§ Excerpted records:
lemma Minkowski_integral:
  fixes f g :: "'a \<Rightarrow> 'b::{real_normed_vector, second_countable_topology}"
  assumes p: "1 \<le> p"
    and meas: "f \<in> borel_measurable M" "g \<in> borel_measurable M"
    and int: "integrable M (\<lambda>x. norm (f x) powr p)" "integrable M (\<lambda>x. norm (g x) powr p)"
  shows "(\<integral>x. norm (f x + g x) powr p \<partial>M) powr (1 / p)
    \<le> (\<integral>x. norm (f x) powr p \<partial>M) powr (1 / p) + (\<integral>x. norm (g x) powr p \<partial>M) powr (1 / p)"
proof (rule root_le_add_root_of_split_bound[OF p])
  fix t :: real
  assume t: "0 < t" "t < 1"
  have "(\<integral>x. norm (f x + g x) powr p \<partial>M)
      \<le> (\<integral>x. norm (f x) powr p / t powr (p - 1) + norm (g x) powr p / (1 - t) powr (p - 1) \<partial>M)"
  proof (rule integral_mono)
    fix x
    have "norm (f x + g x) powr p \<le> (norm (f x) + norm (g x)) powr p"
      using p by (intro powr_mono2 norm_triangle_ineq) auto
    also have "\<dots> \<le> norm (f x) powr p / t powr (p - 1) + norm (g x) powr p / (1 - t) powr (p - 1)"
      using p t by (intro powr_add_le_split) auto
    finally show "norm (f x + g x) powr p
        \<le> norm (f x) powr p / t powr (p - 1) + norm (g x) powr p / (1 - t) powr (p - 1)" .
  qed (use integrable_norm_add_powr[OF p meas int] int in auto)
  also have "\<dots> = (\<integral>x. norm (f x) powr p \<partial>M) / t powr (p - 1)
      + (\<integral>x. norm (g x) powr p \<partial>M) / (1 - t) powr (p - 1)"
    using int by simp
  finally show "(\<integral>x. norm (f x + g x) powr p \<partial>M)
      \<le> (\<integral>x. norm (f x) powr p \<partial>M) / t powr (p - 1)
        + (\<integral>x. norm (g x) powr p \<partial>M) / (1 - t) powr (p - 1)" .
qed auto

lemma summable_on_powr_of_le_add:
  fixes a b c :: "'i \<Rightarrow> real"
  assumes p: "1 \<le> p"
    and nonneg: "\<And>i. i \<in> I \<Longrightarrow> 0 \<le> a i" "\<And>i. i \<in> I \<Longrightarrow> 0 \<le> b i" "\<And>i. i \<in> I \<Longrightarrow> 0 \<le> c i"
    and le: "\<And>i. i \<in> I \<Longrightarrow> c i \<le> a i + b i"
    and "(\<lambda>i. a i powr p) summable_on I" "(\<lambda>i. b i powr p) summable_on I"
  shows "(\<lambda>i. c i powr p) summable_on I"
proof (rule summable_on_comparison_test)
  show "(\<lambda>i. 2 powr (p - 1) * (a i powr p + b i powr p)) summable_on I"
    using assms by (intro summable_on_cmult_right summable_on_add)
  fix i
  assume i: "i \<in> I"
  have "c i powr p \<le> (a i + b i) powr p"
    using p i nonneg le by (intro powr_mono2) auto
  also have "\<dots> \<le> 2 powr (p - 1) * (a i powr p + b i powr p)"
    using p i nonneg by (intro powr_add_le_two_powr) auto
  finally show "c i powr p \<le> 2 powr (p - 1) * (a i powr p + b i powr p)" .
qed simp

lemma Minkowski_infsum:
  fixes a b c :: "'i \<Rightarrow> real"
  assumes p: "1 \<le> p"
    and nonneg: "\<And>i. i \<in> I \<Longrightarrow> 0 \<le> a i" "\<And>i. i \<in> I \<Longrightarrow> 0 \<le> b i" "\<And>i. i \<in> I \<Longrightarrow> 0 \<le> c i"
    and le: "\<And>i. i \<in> I \<Longrightarrow> c i \<le> a i + b i"
    and sum: "(\<lambda>i. a i powr p) summable_on I" "(\<lambda>i. b i powr p) summable_on I"
  shows "(\<Sum>\<^sub>\<infinity>i\<in>I. c i powr p) powr (1 / p)
    \<le> (\<Sum>\<^sub>\<infinity>i\<in>I. a i powr p) powr (1 / p) + (\<Sum>\<^sub>\<infinity>i\<in>I. b i powr p) powr (1 / p)"
proof (rule root_le_add_root_of_split_bound[OF p])
  fix t :: real
  assume t: "0 < t" "t < 1"
  have "((\<lambda>i. c i powr p) has_sum (\<Sum>\<^sub>\<infinity>i\<in>I. c i powr p)) I"
    using summable_on_powr_of_le_add[OF assms] by (simp add: has_sum_infsum)
  moreover have "((\<lambda>i. a i powr p / t powr (p - 1) + b i powr p / (1 - t) powr (p - 1)) has_sum
      ((\<Sum>\<^sub>\<infinity>i\<in>I. a i powr p) / t powr (p - 1)
        + (\<Sum>\<^sub>\<infinity>i\<in>I. b i powr p) / (1 - t) powr (p - 1))) I"
    using sum by (intro has_sum_add has_sum_divide_const) (auto simp: has_sum_infsum)
  ultimately show "(\<Sum>\<^sub>\<infinity>i\<in>I. c i powr p)
      \<le> (\<Sum>\<^sub>\<infinity>i\<in>I. a i powr p) / t powr (p - 1)
        + (\<Sum>\<^sub>\<infinity>i\<in>I. b i powr p) / (1 - t) powr (p - 1)"
  proof (rule has_sum_mono)
    fix i
    assume i: "i \<in> I"
    have "c i powr p \<le> (a i + b i) powr p"
      using p i nonneg le by (intro powr_mono2) auto
    also have "\<dots> \<le> a i powr p / t powr (p - 1) + b i powr p / (1 - t) powr (p - 1)"
      using p t i nonneg by (intro powr_add_le_split) auto
    finally show "c i powr p \<le> a i powr p / t powr (p - 1) + b i powr p / (1 - t) powr (p - 1)" .
  qed
qed (auto intro!: infsum_nonneg)

lemma
  fixes f g :: "'a \<Rightarrow> 'b::{real_normed_vector, second_countable_topology}"
  assumes p: "1 \<le> p" and A: "A \<in> sets M"
    and meas: "set_borel_measurable M A f" "set_borel_measurable M A g"
    and int: "set_integrable M A (\<lambda>x. norm (f x) powr p)" "set_integrable M A (\<lambda>x. norm (g x) powr p)"
  shows set_integrable_norm_add_powr: "set_integrable M A (\<lambda>x. norm (f x + g x) powr p)"
    and Minkowski_set_integral: "(LINT x:A|M. norm (f x + g x) powr p) powr (1 / p)
      \<le> (LINT x:A|M. norm (f x) powr p) powr (1 / p) + (LINT x:A|M. norm (g x) powr p) powr (1 / p)"
proof -
  have A': "A \<inter> space M \<in> sets M"
    using A by simp
  have set_integral: "(LINT x:A|M. h x) = (\<integral>x. h x \<partial>restrict_space M A)" for h :: "'a \<Rightarrow> real"
    by (simp add: set_lebesgue_integral_def integral_restrict_space[OF A'])
  have meas': "f \<in> borel_measurable (restrict_space M A)" "g \<in> borel_measurable (restrict_space M A)"
    using meas by (simp_all add: set_borel_measurable_def borel_measurable_restrict_space_iff[OF A'])
  have int': "integrable (restrict_space M A) (\<lambda>x. norm (f x) powr p)"
      "integrable (restrict_space M A) (\<lambda>x. norm (g x) powr p)"
    using int by (simp_all add: set_integrable_eq[OF A'])
  show "set_integrable M A (\<lambda>x. norm (f x + g x) powr p)"
    using integrable_norm_add_powr[OF p meas' int'] by (simp add: set_integrable_eq[OF A'])
  show "(LINT x:A|M. norm (f x + g x) powr p) powr (1 / p)
      \<le> (LINT x:A|M. norm (f x) powr p) powr (1 / p) + (LINT x:A|M. norm (g x) powr p) powr (1 / p)"
    unfolding set_integral by (rule Minkowski_integral[OF p meas' int'])
qed

lemma set_integral_nonneg_eq_0_iff_AE:
  fixes h :: "'a \<Rightarrow> real"
  assumes "set_integrable M A h" "\<And>x. 0 \<le> h x"
  shows "(LINT x:A|M. h x) = 0 \<longleftrightarrow> (AE x in M. x \<in> A \<longrightarrow> h x = 0)"
  using integral_nonneg_eq_0_iff_AE[of M "\<lambda>x. indicator A x *\<^sub>R h x"] assms
  by (simp add: set_lebesgue_integral_def set_integrable_def indicator_eq_0_iff)

lemma Ik_sets [measurable]: "Ik k \<in> sets lebesgue"
  by (simp add: Ik_def)

lemma Ik_subset_dom_X: "k \<in> X \<Longrightarrow> Ik k \<subseteq> dom_X X"
  by (auto simp: dom_X_def)

definition loc_norm :: "real \<Rightarrow> (real \<Rightarrow> complex) \<Rightarrow> int \<Rightarrow> real" where
  "loc_norm p g k = loc_int p g k powr (1 / p)"

lemma loc_int_nonneg: "0 \<le> loc_int p g k"
  unfolding loc_int_def set_lebesgue_integral_def by (intro integral_nonneg_AE) auto

lemma loc_norm_nonneg: "0 \<le> loc_norm p g k"
  by (simp add: loc_norm_def)

lemma loc_int_powr_eq_loc_norm_powr: "loc_int p g k powr (r / p) = loc_norm p g k powr r"
  by (simp add: loc_norm_def powr_powr)

lemma loc_norm_eq_0_iff:
  assumes "set_integrable lebesgue (Ik k) (\<lambda>x. norm (g x) powr p)"
  shows "loc_norm p g k = 0 \<longleftrightarrow> (AE x in lebesgue. x \<in> Ik k \<longrightarrow> g x = 0)"
  using set_integral_nonneg_eq_0_iff_AE[OF assms] by (simp add: loc_norm_def loc_int_def)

§ Exercise: Your response should be each line that includes the word "finally", copied from the records.

§ Written solution:
    finally show "norm (f x + g x) powr p
  finally show "(\<integral>x. norm (f x + g x) powr p \<partial>M)
  finally show "c i powr p \<le> 2 powr (p - 1) * (a i powr p + b i powr p)" .
    finally show "c i powr p \<le> a i powr p / t powr (p - 1) + b i powr p / (1 - t) powr (p - 1)" .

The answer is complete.